=== Aim of the exercise ===
Look through the data below, and copy each line that carries the word "blocked".

=== Source material ===
lemma sum_pauli_prob:
  assumes d: "d > 0" and A: "A \<in> carrier_mat (d^n) (d^n)"
  shows "(\<Sum>as\<in>pauli_vecs d n. pauli_prob d n A as) = frob_sq A / real d ^ n"
proof -
  have "(\<Sum>as\<in>pauli_vecs d n. pauli_prob d n A as) = real d ^ n * frob_sq A / real d ^ (2*n)"
    using tight_frameD(3)[OF tight_frame_pauli A]
    unfolding pauli_prob_def by (simp add: sum_divide_distrib[symmetric])
  also have "real d ^ (2*n) = real d ^ n * real d ^ n" by (simp add: mult_2 power_add)
  finally show ?thesis using d by simp
qed

lemma norm2_eq_1_iff:
  assumes "d > 0" shows "norm2 d n A = 1 \<longleftrightarrow> frob_sq A = real d ^ n"
  unfolding norm2_def frob_sq_eq_mtrace[symmetric] using assms by auto

lemma sum_pauli_prob_eq_1:
  assumes "d > 0" "A \<in> carrier_mat (d^n) (d^n)" "norm2 d n A = 1"
  shows "(\<Sum>as\<in>pauli_vecs d n. pauli_prob d n A as) = 1"
  using assms by (simp add: sum_pauli_prob norm2_eq_1_iff)

lemma influence_nonneg: "0 \<le> influence d n A"
  unfolding influence_def by (intro sum_nonneg mult_nonneg_nonneg pauli_prob_nonneg) simp

lemma influence_le:
  assumes "d > 0" "A \<in> carrier_mat (d^n) (d^n)" "norm2 d n A = 1"
  shows "influence d n A \<le> real n"
proof -
  have "influence d n A \<le> (\<Sum>as\<in>pauli_vecs d n. real n * pauli_prob d n A as)"
    unfolding influence_def using pweight_le_length
    by (intro sum_mono mult_right_mono pauli_prob_nonneg) (metis of_nat_le_iff pauli_vecsD(1))
  also have "\<dots> = real n"
    by (simp add: sum_distrib_left[symmetric] sum_pauli_prob_eq_1[OF assms])
  finally show ?thesis .
qed

lemma influence_pauli_pweight_1:
  assumes d: "d > 0" and as: "as \<in> pauli_vecs d n" and w: "pweight as = 1"
  shows "influence d n (pauli d as) \<le> 1"
proof -
  have "real (pweight bs) * pauli_prob d n (pauli d as) bs \<le> pauli_prob d n (pauli d as) bs"
    if bs: "bs \<in> pauli_vecs d n" for bs
  proof (cases "pweight bs \<le> 1")
    case False
    then have "mtrace (pauli d as * pauli d bs) = 0"
      using as bs w by (intro mtrace_pauli_mult_eq_0) (auto simp: pauli_vecsD)
    then show ?thesis by (simp add: pauli_prob_def)
  qed (simp add: mult_left_le_one_le pauli_prob_nonneg)
  then have "influence d n (pauli d as) \<le> (\<Sum>bs\<in>pauli_vecs d n. pauli_prob d n (pauli d as) bs)"
    unfolding influence_def by (rule sum_mono)
  also have "\<dots> = 1"
    using sum_pauli_prob[OF d pauli_carrier_mat_pauli_vecs[OF as]] frob_sq_pauli[OF pauli_vecsD(2)[OF as]]
    using d by (simp add: pauli_vecsD(1)[OF as])
  finally show ?thesis .
qed

lemma sum_pauli_vecs_power_pweight:
  assumes d: "d > 0"
  shows "(\<Sum>as\<in>pauli_vecs d n. lam ^ pweight as) = (1 + (real d ^ 2 - 1) * lam) ^ n"
proof (induction n)
  case 0
  then show ?case by (simp add: pauli_vecs_0 pweight_def)
next
  case (Suc n)
  let ?V = "{0..<d} \<times> {0..<d}"
  have V0: "(0,0) \<in> ?V" using d by simp
  have "(\<Sum>a\<in>?V. lam ^ (if a = (0,0) then 0 else 1)) = 1 + (\<Sum>a\<in>?V - {(0,0)}. lam)"
    using sum.remove[OF _ V0, of "\<lambda>a. lam ^ (if a = (0,0) then 0 else 1)"] by simp
  also have "\<dots> = 1 + (real d ^ 2 - 1) * lam"
    using V0 d by (simp add: card_cartesian_product power2_eq_square of_nat_diff)
  finally have V: "(\<Sum>a\<in>?V. lam ^ (if a = (0,0) then 0 else 1)) = 1 + (real d ^ 2 - 1) * lam" .
  have "(\<Sum>as\<in>pauli_vecs d (Suc n). lam ^ pweight as)
      = (\<Sum>(a,as)\<in>?V \<times> pauli_vecs d n. lam ^ pweight (a # as))"
    unfolding pauli_vecs_Suc by (subst sum.reindex[OF inj_on_Cons_pair]) (simp add: comp_def split_def)
  also have "\<dots> = (\<Sum>a\<in>?V. \<Sum>as\<in>pauli_vecs d n. lam ^ (if a = (0,0) then 0 else 1) * lam ^ pweight as)"
    by (simp add: sum.cartesian_product pweight_Cons power_add split_def)
  also have "\<dots> = (\<Sum>a\<in>?V. lam ^ (if a = (0,0) then 0 else 1)) * (\<Sum>as\<in>pauli_vecs d n. lam ^ pweight as)"
    by (simp add: sum_product)
  finally show ?case using V Suc.IH by simp
qed

section \<open>Entropy bound\<close>

lemma neg_mult_ln_le:
  fixes p q :: real
  assumes p: "0 \<le> p" and q: "0 < q"
  shows "- (if p = 0 then 0 else p * ln p) \<le> q - p - p * ln q"
proof (cases "p = 0")
  case False
  then have p: "0 < p" using p by simp
  have "p * ln (q / p) \<le> p * (q / p - 1)"
    using p q by (intro mult_left_mono ln_le_minus_one) auto
  also have "p * (q / p - 1) = q - p" using p by (simp add: field_simps)
  finally have "p * (ln q - ln p) \<le> q - p" using p q by (simp add: ln_div)
  then show ?thesis using False by (simp add: algebra_simps)
qed (use q in simp)

text \<open>Gibbs' inequality against the unnormalised weights lam ^ w x.\<close>
lemma entropy_le_weight_enumerator:
  fixes p :: "'x \<Rightarrow> real" and w :: "'x \<Rightarrow> nat"
  assumes p: "\<And>x. x \<in> S \<Longrightarrow> 0 \<le> p x" and p1: "(\<Sum>x\<in>S. p x) = 1" and lam: "0 < lam"
  shows "- (\<Sum>x\<in>S. if p x = 0 then 0 else p x * log 2 (p x))
     \<le> ((\<Sum>x\<in>S. lam ^ w x) - 1 - ln lam * (\<Sum>x\<in>S. real (w x) * p x)) / ln 2"
proof -
  have "- (\<Sum>x\<in>S. if p x = 0 then 0 else p x * ln (p x))
      \<le> (\<Sum>x\<in>S. lam ^ w x - p x - p x * ln (lam ^ w x))"
    unfolding sum_negf[symmetric] using lam by (intro sum_mono neg_mult_ln_le p) simp_all
  also have "\<dots> = (\<Sum>x\<in>S. lam ^ w x) - 1 - ln lam * (\<Sum>x\<in>S. real (w x) * p x)"
    using lam by (simp add: sum_subtractf p1 sum_distrib_left ln_realpow ac_simps)
  finally have "- (\<Sum>x\<in>S. if p x = 0 then 0 else p x * ln (p x)) / ln 2
      \<le> ((\<Sum>x\<in>S. lam ^ w x) - 1 - ln lam * (\<Sum>x\<in>S. real (w x) * p x)) / ln 2"
    by (rule divide_right_mono) simp_all
  also have "- (\<Sum>x\<in>S. if p x = 0 then 0 else p x * ln (p x)) / ln 2
      = - (\<Sum>x\<in>S. if p x = 0 then 0 else p x * log 2 (p x))"
    unfolding sum_divide_distrib minus_divide_left[symmetric] log_def
    by (intro arg_cong[where f=uminus] sum.cong refl) simp
  finally show ?thesis .
qed

lemma one_plus_pow_le_exp_1:
  assumes n: "n \<ge> 1" and d: "d \<ge> 1"
  shows "(1 + (real d ^ 2 - 1) / (real n * real d ^ 2)) ^ n \<le> exp 1"
proof -
  have "(real d ^ 2 - 1) / (real n * real d ^ 2) \<le> real d ^ 2 / (real n * real d ^ 2)"
    using n d by (intro divide_right_mono) auto
  also have "\<dots> = 1 / real n" using d by simp
  finally have "(1 + (real d ^ 2 - 1) / (real n * real d ^ 2)) ^ n \<le> (1 + 1 / real n) ^ n"
    using d by (intro power_mono) auto
  also have "\<dots> \<le> exp 1" using n by (intro exp_ge_one_plus_x_over_n_power_n) auto
  finally show ?thesis .
qed

lemma ln_2_ge_half: "1/2 \<le> ln (2::real)"
proof -
  have "exp (1/2::real) ^ 2 = exp 1" by (simp add: exp_of_nat_mult[symmetric])
  also have "\<dots> < 2 ^ 2" using exp_le by simp
  finally have "exp (1/2::real) < 2" by (rule power_less_imp_less_base) simp
  then show ?thesis by (subst ln_ge_iff) auto
qed

lemma pauli_entropy_le_influence:
  assumes d: "d > 0" and n: "n \<ge> 1" and A: "A \<in> carrier_mat (d^n) (d^n)" and "norm2 d n A = 1"
  shows "pauli_entropy d n A \<le> 4 + influence d n A * (log 2 (real n) + 2 * log 2 (real d))"
proof -
  define lam where "lam = 1 / (real n * real d ^ 2)"
  have lam: "0 < lam" unfolding lam_def using n d by simp
  have Z: "(\<Sum>as\<in>pauli_vecs d n. lam ^ pweight as) \<le> 3"
    using one_plus_pow_le_exp_1[OF n, of d] exp_le d
    unfolding sum_pauli_vecs_power_pweight[OF d] lam_def by simp
  have "- ln lam = ln (real n) + 2 * ln (real d)"
    unfolding lam_def using n d by (simp add: ln_div ln_mult ln_realpow)
  then have ln_lam: "- ln lam / ln 2 = log 2 (real n) + 2 * log 2 (real d)"
    unfolding log_def by (simp add: add_divide_distrib)
  have "pauli_entropy d n A \<le> ((\<Sum>as\<in>pauli_vecs d n. lam ^ pweight as) - 1 - ln lam * influence d n A) / ln 2"
    unfolding pauli_entropy_def Let_def influence_def
    by (rule entropy_le_weight_enumerator[OF pauli_prob_nonneg
          sum_pauli_prob_eq_1[OF d A assms(4)] lam])
  also have "\<dots> \<le> (2 - ln lam * influence d n A) / ln 2"
    using Z by (intro divide_right_mono) auto
  also have "\<dots> = 2 / ln 2 + influence d n A * (- ln lam / ln 2)"
    by (simp add: diff_divide_distrib)
  also have "2 / ln 2 \<le> (4::real)" using ln_2_ge_half by (simp add: pos_divide_le_eq)
  finally show ?thesis unfolding ln_lam by simp
qed

section \<open>Circuit sensitivity and magic entropy\<close>

lemma norm2_unitary_conj:
  assumes "unitary_mat (d^n) U" "A \<in> carrier_mat (d^n) (d^n)"
  shows "norm2 d n (U * A * adj U) = norm2 d n A"
  unfolding norm2_def frob_sq_eq_mtrace[symmetric] frob_sq_unitary_conj[OF assms] ..

lemma circuit_sensitivity_ge:
  assumes d: "d > 0" and U: "unitary_mat (d^n) U"
    and A: "A \<in> carrier_mat (d^n) (d^n)" and A1: "norm2 d n A = 1"
  shows "\<bar>influence d n (U * A * adj U) - influence d n A\<bar> \<le> circuit_sensitivity d n U"
  unfolding circuit_sensitivity_def
proof (rule cSup_upper)
  show "bdd_above ((\<lambda>A. \<bar>influence d n (U * A * adj U) - influence d n A\<bar>) `
          {A \<in> carrier_mat (d ^ n) (d ^ n). norm2 d n A = 1})"
  proof (rule bdd_aboveI2)
    fix B assume "B \<in> {B \<in> carrier_mat (d ^ n) (d ^ n). norm2 d n B = 1}"
    then have B: "B \<in> carrier_mat (d^n) (d^n)" "norm2 d n B = 1" by auto
    have "influence d n B \<le> real n" "influence d n (U * B * adj U) \<le> real n"
      using influence_le[OF d B] influence_le[OF d unitary_conj_carrier_mat[OF U B(1)]]
        norm2_unitary_conj[OF U B(1)] B(2) by simp_all
    then show "\<bar>influence d n (U * B * adj U) - influence d n B\<bar> \<le> real n"
      using influence_nonneg[of d n B] influence_nonneg[of d n "U * B * adj U"] by linarith
  qed
qed (use A A1 in auto)
definition blocked :: "('v \<times> 'v) set \<Rightarrow> 'v set \<Rightarrow> 'v list \<Rightarrow> bool" where
  "blocked E C p \<longleftrightarrow> (\<exists>k. 0 < k \<and> Suc k < length p \<and>
     (if (p ! (k - 1), p ! k) \<in> E \<and> (p ! Suc k, p ! k) \<in> E
      then (\<forall>d. (p ! k, d) \<in> E\<^sup>* \<longrightarrow> d \<notin> C)
      else p ! k \<in> C))"

definition dsep :: "('v \<times> 'v) set \<Rightarrow> 'v set \<Rightarrow> 'v set \<Rightarrow> 'v set \<Rightarrow> bool" where
  "dsep E A B C \<longleftrightarrow> (\<forall>p. upath E p \<and> hd p \<in> A \<and> last p \<in> B \<longrightarrow> blocked E C p)"

definition gen_sigma :: "'w measure \<Rightarrow> ('v \<Rightarrow> 'w \<Rightarrow> real) \<Rightarrow> 'v set \<Rightarrow> 'w measure" where
  "gen_sigma M val C = sigma (space M) {val c -` B \<inter> space M | c B. c \<in> C \<and> B \<in> sets borel}"

definition cond_indep ::
  "'w measure \<Rightarrow> ('v \<Rightarrow> 'w \<Rightarrow> real) \<Rightarrow> 'v set \<Rightarrow> 'v set \<Rightarrow> 'v set \<Rightarrow> bool" where
  "cond_indep M val A B C \<longleftrightarrow>
     (\<forall>P\<in>sets (gen_sigma M val A). \<forall>Q\<in>sets (gen_sigma M val B).
        AE \<omega> in M. real_cond_exp M (gen_sigma M val C) (indicator (P \<inter> Q)) \<omega> =
          real_cond_exp M (gen_sigma M val C) (indicator P) \<omega> *
          real_cond_exp M (gen_sigma M val C) (indicator Q) \<omega>)"

definition CFC :: "'w measure \<Rightarrow> 'v set \<Rightarrow> ('v \<times> 'v) set \<Rightarrow> ('v \<Rightarrow> 'w \<Rightarrow> real) \<Rightarrow> bool" where
  "CFC M V E val \<longleftrightarrow>
     (\<forall>A B C. A \<subseteq> V \<and> B \<subseteq> V \<and> C \<subseteq> V \<and> A \<noteq> {} \<and> B \<noteq> {} \<and>
        A \<inter> B = {} \<and> A \<inter> C = {} \<and> B \<inter> C = {} \<and> cond_indep M val A B C
        \<longrightarrow> dsep E A B C)"

definition UCP :: "('v \<times> 'v) set \<Rightarrow> 'v set \<Rightarrow> 'v \<Rightarrow> 'v \<Rightarrow> bool" where
  "UCP E X' i j \<longleftrightarrow> (\<exists>p. dpath E p \<and> length p \<ge> 2 \<and> hd p = i \<and> last p = j \<and>
                          p ! (length p - 2) \<notin> X')"

text \<open>UBP between i and j w.r.t. X': i <- v_k <- ... <- v -> ... -> v_l -> j, v_k, v_l not in X',
  as a path with distinct vertices: directed paths p (from v to i) and q (from v to j)
  sharing only their start vertex v.\<close>
definition UBP :: "('v \<times> 'v) set \<Rightarrow> 'v set \<Rightarrow> 'v \<Rightarrow> 'v \<Rightarrow> bool" where
  "UBP E X' i j \<longleftrightarrow> (\<exists>p q. dpath E p \<and> dpath E q \<and> length p \<ge> 2 \<and> length q \<ge> 2 \<and>
      hd p = hd q \<and> last p = i \<and> last q = j \<and> distinct (p @ tl q) \<and>
      p ! (length p - 2) \<notin> X' \<and> q ! (length q - 2) \<notin> X')"

definition invisible :: "('v \<times> 'v) set \<Rightarrow> 'v set \<Rightarrow> 'v \<Rightarrow> 'v \<Rightarrow> bool" where
  "invisible E X' i j \<longleftrightarrow> UBP E X' i j \<or> UBP E X' j i \<or> UCP E X' i j \<or> UCP E X' j i"

definition visible_parent :: "('v \<times> 'v) set \<Rightarrow> 'v set \<Rightarrow> 'v \<Rightarrow> 'v \<Rightarrow> bool" where
  "visible_parent E X' i j \<longleftrightarrow> (j, i) \<in> E \<and> \<not> invisible E X' i j"

definition visible_nonedge :: "('v \<times> 'v) set \<Rightarrow> 'v set \<Rightarrow> 'v \<Rightarrow> 'v \<Rightarrow> bool" where
  "visible_nonedge E X' i j \<longleftrightarrow> (i, j) \<notin> E \<and> (j, i) \<notin> E \<and> \<not> invisible E X' i j"

subsection \<open>Standing facts (F1)-(F3), taken as known\<close>

definition standing_facts ::
  "'w measure \<Rightarrow> 'v set \<Rightarrow> ('v \<times> 'v) set \<Rightarrow> ('v \<Rightarrow> 'w \<Rightarrow> real)
    \<Rightarrow> ('v \<Rightarrow> real \<Rightarrow> real) set \<Rightarrow> bool" where
  "standing_facts M X E val GC \<longleftrightarrow>
     (\<forall>X'\<subseteq>X. \<forall>i\<in>X'. \<forall>j\<in>X'. i \<noteq> j \<longrightarrow>
       (visible_parent E X' i j \<longleftrightarrow>
          (\<forall>G1\<in>GC. \<forall>G2\<in>GC. \<forall>Ms\<subseteq>X' - {i, j}. \<forall>Ns\<subseteq>X' - {j}.
              \<not> rv_indep M (res val G1 i Ms) (res val G2 j Ns)) \<and>
          (\<exists>G1\<in>GC. \<exists>G2\<in>GC. \<exists>Ms\<subseteq>X' - {i}. \<exists>Ns\<subseteq>X' - {i, j}.
              rv_indep M (res val G1 i Ms) (res val G2 j Ns))) \<and>
       (visible_nonedge E X' i j \<longleftrightarrow>
          (\<exists>G1\<in>GC. \<exists>G2\<in>GC. \<exists>Ms\<subseteq>X' - {i, j}. \<exists>Ns\<subseteq>X' - {i, j}.
              rv_indep M (res val G1 i Ms) (res val G2 j Ns))) \<and>
       (invisible E X' i j \<longleftrightarrow>
          (\<forall>Ms\<subseteq>X' - {i}. \<forall>Ns\<subseteq>X' - {j}. \<forall>G1\<in>GC. \<forall>G2\<in>GC.
              \<not> rv_indep M (res val G1 i Ms) (res val G2 j Ns))))"

end

theory Submission
  imports Defs
begin

text \<open>Condition (i) exhibits independent residuals in which x_i is regressed on x_j,
  condition (ii) independent residuals in which x_j is regressed on x_i. By (F3) the first
  makes the pair (x_i, x_j) visible; by (F1) the second rules out x_j being a visible parent
  of x_i, and the first, with the roles swapped, rules out x_i being a visible parent of x_j.
  For x_k in K, condition (a) says by (F3) that the pair becomes invisible once x_k is
  treated as unobserved. A witnessing unobserved path w.r.t. X - {x_k} is not one w.r.t. X,
  so its last vertex before x_i or x_j is x_k, which is thus a parent of x_i or x_j.
  Faithfulness and the function-class property enter only through (F1)-(F3).\<close>

lemma (in prob_space) indep_set_commute:
  assumes "indep_set A B"
  shows "indep_set B A"
proof -
  have "prob (b \<inter> a) = prob b * prob a" if "a \<in> A" "b \<in> B" for a b
    using assms that unfolding indep_sets2_eq by (simp add: Int_commute mult.commute)
  then show ?thesis using assms unfolding indep_sets2_eq by blast
qed

lemma (in prob_space) indep_var_commute:
  assumes "indep_var S X T Y"
  shows "indep_var T Y S X"
  using assms indep_set_commute unfolding indep_var_eq by simp

lemma rv_indep_commute:
  assumes "prob_space M" "rv_indep M A B"
  shows "rv_indep M B A"
  using assms prob_space.indep_var_commute unfolding rv_indep_def by blast

lemma dpath_last_edge:
  assumes "dpath E p" "length p \<ge> 2"
  shows "(p ! (length p - 2), last p) \<in> E"
proof -
  have "(p ! (length p - 2), p ! Suc (length p - 2)) \<in> E"
    using assms unfolding dpath_def by auto
  moreover have "Suc (length p - 2) = length p - 1" using assms(2) by arith
  moreover have "last p = p ! (length p - 1)" using assms(2) by (intro last_conv_nth) auto
  ultimately show ?thesis by simp
qed

lemma UCP_Diff_singleton:
  assumes "UCP E (X' - {k}) i j"
  shows "UCP E X' i j \<or> (k, j) \<in> E"
proof (rule disjCI)
  assume "(k, j) \<notin> E"
  obtain p where p: "dpath E p" "length p \<ge> 2" "hd p = i" "last p = j"
      "p ! (length p - 2) \<notin> X' - {k}"
    using assms unfolding UCP_def by blast
  moreover have "p ! (length p - 2) \<noteq> k"
    using dpath_last_edge[OF p(1,2)] p(4) \<open>(k, j) \<notin> E\<close> by auto
  ultimately show "UCP E X' i j" unfolding UCP_def by blast
qed

lemma UBP_Diff_singleton:
  assumes "UBP E (X' - {k}) i j"
  shows "UBP E X' i j \<or> (k, i) \<in> E \<or> (k, j) \<in> E"
proof (rule disjCI)
  assume no_edge: "\<not> ((k, i) \<in> E \<or> (k, j) \<in> E)"
  obtain p q where pq: "dpath E p" "dpath E q" "length p \<ge> 2" "length q \<ge> 2"
      "hd p = hd q" "last p = i" "last q = j" "distinct (p @ tl q)"
      "p ! (length p - 2) \<notin> X' - {k}" "q ! (length q - 2) \<notin> X' - {k}"
    using assms unfolding UBP_def by blast
  have "p ! (length p - 2) \<noteq> k" "q ! (length q - 2) \<noteq> k"
    using dpath_last_edge[OF pq(1,3)] dpath_last_edge[OF pq(2,4)] pq(6,7) no_edge by auto
  with pq show "UBP E X' i j" unfolding UBP_def by blast
qed

lemma invisible_Diff_singleton:
  assumes "invisible E (X' - {k}) i j"
  shows "invisible E X' i j \<or> (k, i) \<in> E \<or> (k, j) \<in> E"
  using assms UCP_Diff_singleton[of E X' k i j] UCP_Diff_singleton[of E X' k j i]
    UBP_Diff_singleton[of E X' k i j] UBP_Diff_singleton[of E X' k j i]
  unfolding invisible_def by blast

lemma visible_nonedgeI:
  assumes "\<not> invisible E X' i j" "\<not> visible_parent E X' i j" "\<not> visible_parent E X' j i"
  shows "visible_nonedge E X' i j"
  using assms unfolding visible_nonedge_def visible_parent_def invisible_def by blast

context
  fixes M X E val GC
  assumes facts: "standing_facts M X E val GC"
begin

lemma invisible_iff_residuals_dependent:
  assumes "X' \<subseteq> X" "i \<in> X'" "j \<in> X'" "i \<noteq> j"
  shows "invisible E X' i j \<longleftrightarrow> (\<forall>Ms\<subseteq>X' - {i}. \<forall>Ns\<subseteq>X' - {j}. \<forall>G1\<in>GC. \<forall>G2\<in>GC.
           \<not> rv_indep M (res val G1 i Ms) (res val G2 j Ns))"
  using facts assms unfolding standing_facts_def by meson

lemma not_visible_parent_if_residuals_indep:
  assumes "X' \<subseteq> X" "i \<in> X'" "j \<in> X'" "i \<noteq> j" "G1 \<in> GC" "G2 \<in> GC"
    "Ms \<subseteq> X' - {i, j}" "Ns \<subseteq> X' - {j}" "rv_indep M (res val G1 i Ms) (res val G2 j Ns)"
  shows "\<not> visible_parent E X' i j"
proof -
  have "visible_parent E X' i j \<Longrightarrow> (\<forall>G1\<in>GC. \<forall>G2\<in>GC. \<forall>Ms\<subseteq>X' - {i, j}. \<forall>Ns\<subseteq>X' - {j}.
          \<not> rv_indep M (res val G1 i Ms) (res val G2 j Ns))"
    using facts assms(1-4) unfolding standing_facts_def by meson
  with assms(5-) show ?thesis by blast
qed

end

theorem lemma10:
  fixes M :: "'w measure" and V X :: "'v set" and E :: "('v \<times> 'v) set"
    and val noise :: "'v \<Rightarrow> 'w \<Rightarrow> real" and f :: "'v \<Rightarrow> 'v \<Rightarrow> real \<Rightarrow> real"
    and GC :: "('v \<Rightarrow> real \<Rightarrow> real) set"
    and i j :: 'v and K :: "'v set"
  assumes model: "anm_model M V X E val noise f"
    and faithful: "CFC M V E val"
    and gclass: "gclass_ok M V X val noise GC"
    and facts: "standing_facts M X E val GC"
    and ij: "i \<in> X" "j \<in> X" "i \<noteq> j"
    and K: "K \<subseteq> X - {i, j}"
    and hi: "\<exists>G1\<in>GC. \<exists>G2\<in>GC. \<exists>Ms\<subseteq>X - {i, j}. \<exists>Ns\<subseteq>X - {i, j}.
               rv_indep M (res val G1 i (Ms \<union> {j})) (res val G2 j Ns)"
    and hii: "\<exists>G1\<in>GC. \<exists>G2\<in>GC. \<exists>Ms\<subseteq>X - {i, j}. \<exists>Ns\<subseteq>X - {i, j}.
               rv_indep M (res val G1 i Ms) (res val G2 j (Ns \<union> {i}))"
    and ha: "\<forall>k\<in>K. \<forall>Ms\<subseteq>X - {i, k}. \<forall>Ns\<subseteq>X - {j, k}. \<forall>G1\<in>GC. \<forall>G2\<in>GC.
               \<not> rv_indep M (res val G1 i Ms) (res val G2 j Ns)"
  shows "visible_nonedge E X i j \<and> (\<forall>k\<in>K. (k, i) \<in> E \<or> (k, j) \<in> E)"
proof -
  have "prob_space M" using model unfolding anm_model_def by simp
  obtain G1 G2 Ms Ns where G: "G1 \<in> GC" "G2 \<in> GC" "Ms \<union> {j} \<subseteq> X - {i}" "Ns \<subseteq> X - {j, i}"
    and indep_i: "rv_indep M (res val G1 i (Ms \<union> {j})) (res val G2 j Ns)"
    using hi ij by blast
  obtain H1 H2 Ms' Ns' where H: "H1 \<in> GC" "H2 \<in> GC" "Ms' \<subseteq> X - {i, j}" "Ns' \<union> {i} \<subseteq> X - {j}"
    and indep_ii: "rv_indep M (res val H1 i Ms') (res val H2 j (Ns' \<union> {i}))"
    using hii ij by blast
  have visible: "\<not> invisible E X i j"
    using invisible_iff_residuals_dependent[OF facts order.refl ij] G indep_i by blast
  have "visible_nonedge E X i j"
  proof (rule visible_nonedgeI[OF visible])
    show "\<not> visible_parent E X i j"
      by (rule not_visible_parent_if_residuals_indep[OF facts order.refl ij H indep_ii])
    show "\<not> visible_parent E X j i"
      by (rule not_visible_parent_if_residuals_indep[OF facts order.refl ij(2,1)
            ij(3)[symmetric] G(2,1,4,3) rv_indep_commute[OF \<open>prob_space M\<close> indep_i]])
  qed
  moreover have "(k, i) \<in> E \<or> (k, j) \<in> E" if "k \<in> K" for k
  proof -
    have "i \<in> X - {k}" "j \<in> X - {k}" using K ij that by auto
    moreover have "\<forall>Ms\<subseteq>X - {k} - {i}. \<forall>Ns\<subseteq>X - {k} - {j}. \<forall>G1\<in>GC. \<forall>G2\<in>GC.
        \<not> rv_indep M (res val G1 i Ms) (res val G2 j Ns)"
      using ha that by (simp add: Diff_insert2[symmetric] insert_commute)
    ultimately have "invisible E (X - {k}) i j"
      using invisible_iff_residuals_dependent[OF facts Diff_subset _ _ ij(3)] by simp
    with visible show ?thesis by (meson invisible_Diff_singleton)
  qed
  ultimately show ?thesis by blast
qed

=== Result ===
definition blocked :: "('v \<times> 'v) set \<Rightarrow> 'v set \<Rightarrow> 'v list \<Rightarrow> bool" where
  "blocked E C p \<longleftrightarrow> (\<exists>k. 0 < k \<and> Suc k < length p \<and>
  "dsep E A B C \<longleftrightarrow> (\<forall>p. upath E p \<and> hd p \<in> A \<and> last p \<in> B \<longrightarrow> blocked E C p)"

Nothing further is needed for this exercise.